Monday, September 25

Configuration using Jakarta Commons

I've played around quite a bit with the Jakarta Commons libraries over time and over several projects. Among these, the Jakarta Commons Configuration library is extremely useful.

Very often, we encounter a particular crosscutting concern when developing medium to large scale projects: that of managing user and/or application preferences. This seemingly simple task often leads to much wasted and duplicated effort when the development team should really be focusing on core project tasks. The Commons Configuration library can come to the rescue in such situations.

Managing user/application preferences can get complex depending on the requirements. Consider:

(1) The project may start out storing configuration information in simple ".properties" files, but later, some genius might want to migrate everything to XML files. In such instances, you want the property accessor calls abstracted out enough so that the migration can take place with minimal, localized code change and without breaking property accessor calls which might be sprinkled throughout the codebase.

(2) You might want to support a hierarchy of property sources. For example, you might have an application-wide property source that provides the default values, but allow each user to specify his or her own property file to override the defaults. In other words, you need to support multi-source, composite configurations.

(3) You will in some cases want to support nested and/or list-based properties in your properties files.

(4) You will want to synchronize access to shared properties files in case of concurrent updates.

(5) You might want to provide an "autosave" feature or an "auto reload" feature when a preference/property is updated.

Well, the Jakarta Commons Configuration library goes a long way in providing a very flexible framework for configuration/preferences management. It supports ".properties" file based configurations and XML files. The accessor syntax for the XML files is XPath-like and can get quite intricate, I noticed.

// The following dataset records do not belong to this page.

lemma gchoose_even_term_eq_hypergeometric_term:
  fixes c :: real and s :: complex
  assumes "c \<noteq> 0"
  shows "(s gchoose (2 * j)) * (1 / complex_of_real c ^ (2 * j)) * of_nat ((2 * j choose j) ^ 2)
    = pochhammer (- s / 2) j * pochhammer ((1 - s) / 2) j * pochhammer (1 / 2) j
      / (pochhammer 1 j * pochhammer 1 j * of_nat (fact j)) * complex_of_real (16 / c ^ 2) ^ j"
proof -
  have "pochhammer (- s) (2 * j) = of_nat (2 ^ (2 * j)) * pochhammer (- s / 2) j * pochhammer ((1 - s) / 2) j"
    using pochhammer_double[of "- s / 2" j] by (simp add: field_simps)
  then have gchoose: "s gchoose (2 * j)
      = 2 ^ (2 * j) * pochhammer (- s / 2) j * pochhammer ((1 - s) / 2) j / fact (2 * j)"
    by (simp add: gbinomial_pochhammer)
  have central: "(of_nat ((2 * j choose j) ^ 2) :: complex) = (fact (2 * j) / (fact j * fact j)) ^ 2"
    unfolding of_nat_power by (subst binomial_fact) (auto simp: mult_2)
  have power: "complex_of_real (16 / c ^ 2) ^ j = 2 ^ (2 * j) * 2 ^ (2 * j) / complex_of_real c ^ (2 * j)"
    by (simp add: power_divide power_mult flip: power_mult_distrib)
  show ?thesis
    unfolding gchoose central power pochhammer_fact[symmetric] fact_double
    using assms by (simp add: field_simps power2_eq_square)
qed

theorem theorem14:
  fixes c :: real and s :: complex
  assumes "c > 4"
  shows "summable (\<lambda>j. (s gchoose (2*j)) * (1 / complex_of_real c ^ (2*j)) * of_nat ((2*j choose j)^2))
    \<and> zeta_mahler2 s (\<lambda>x y. x + inverse x + y + inverse y + complex_of_real c)
        = complex_of_real c powr s *
          (\<Sum>j. (s gchoose (2*j)) * (1 / complex_of_real c ^ (2*j)) * of_nat ((2*j choose j)^2))
    \<and> complex_of_real c powr s *
          (\<Sum>j. (s gchoose (2*j)) * (1 / complex_of_real c ^ (2*j)) * of_nat ((2*j choose j)^2))
        = complex_of_real c powr s * hyp3F2 (- s / 2) ((1 - s) / 2) (1/2) 1 1 (complex_of_real (16 / c^2))"
proof -
  define Z where "Z = zeta_mahler2 s (\<lambda>x y. x + inverse x + y + inverse y + complex_of_real c)"
  define C where "C = complex_of_real c powr s"
  define a where "a n = (s gchoose n) * (1 / complex_of_real c ^ n) * of_nat (cos_moment n ^ 2)" for n
  have "C \<noteq> 0" using assms by (simp add: C_def)
  have "a sums (Z / C)"
    using sums_mult_D[OF zeta_mahler2_sums_moments[of c s, OF assms, folded C_def Z_def a_def] \<open>C \<noteq> 0\<close>] .
  moreover have "a n = 0" if "n \<notin> range (\<lambda>j. 2 * j)" for n
    using that by (auto simp: a_def cos_moment_def elim!: evenE)
  ultimately have even_sums: "(\<lambda>j. a (2 * j)) sums (Z / C)"
    using sums_mono_reindex[of "\<lambda>j. 2 * j" a] by (simp add: strict_mono_def)
  have even_term: "a (2 * j) = (s gchoose (2*j)) * (1 / complex_of_real c ^ (2*j)) * of_nat ((2*j choose j)^2)"
    for j by (simp add: a_def cos_moment_def)
  have "hyp3F2 (- s / 2) ((1 - s) / 2) (1/2) 1 1 (complex_of_real (16 / c^2)) = (\<Sum>j. a (2 * j))"
    unfolding hyp3F2_def even_term using assms
    by (intro suminf_cong gchoose_even_term_eq_hypergeometric_term[symmetric]) simp
  then show ?thesis
    using even_sums even_term \<open>C \<noteq> 0\<close> by (simp add: Z_def C_def sums_iff)
qed

end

A wonderful feature is the provision of configuration change listeners which can listen for changes to a properties file and respond appropriately. Any Java class can set itself up as a listener to a Configuration object, which fires the required events.

I have yet to compare the Jakarta Configuration library with the Preferences API in Java, but from a cursory glance, it seems to me like the Preferences API does not even come close in power. Also, the .Net System.Configuration classes seem to be much more specific in the sense that they seem to concentrate on providing access to the .Net framework config files like machine.config and web.config and not so much on supplying a flexible and generic configuration management framework.

Wishlist: A nice addition to the Commons Configuration library might be access methods to configuration data stored in relational databases and hierarchical stores like LDAP, but that is probably asking for too much.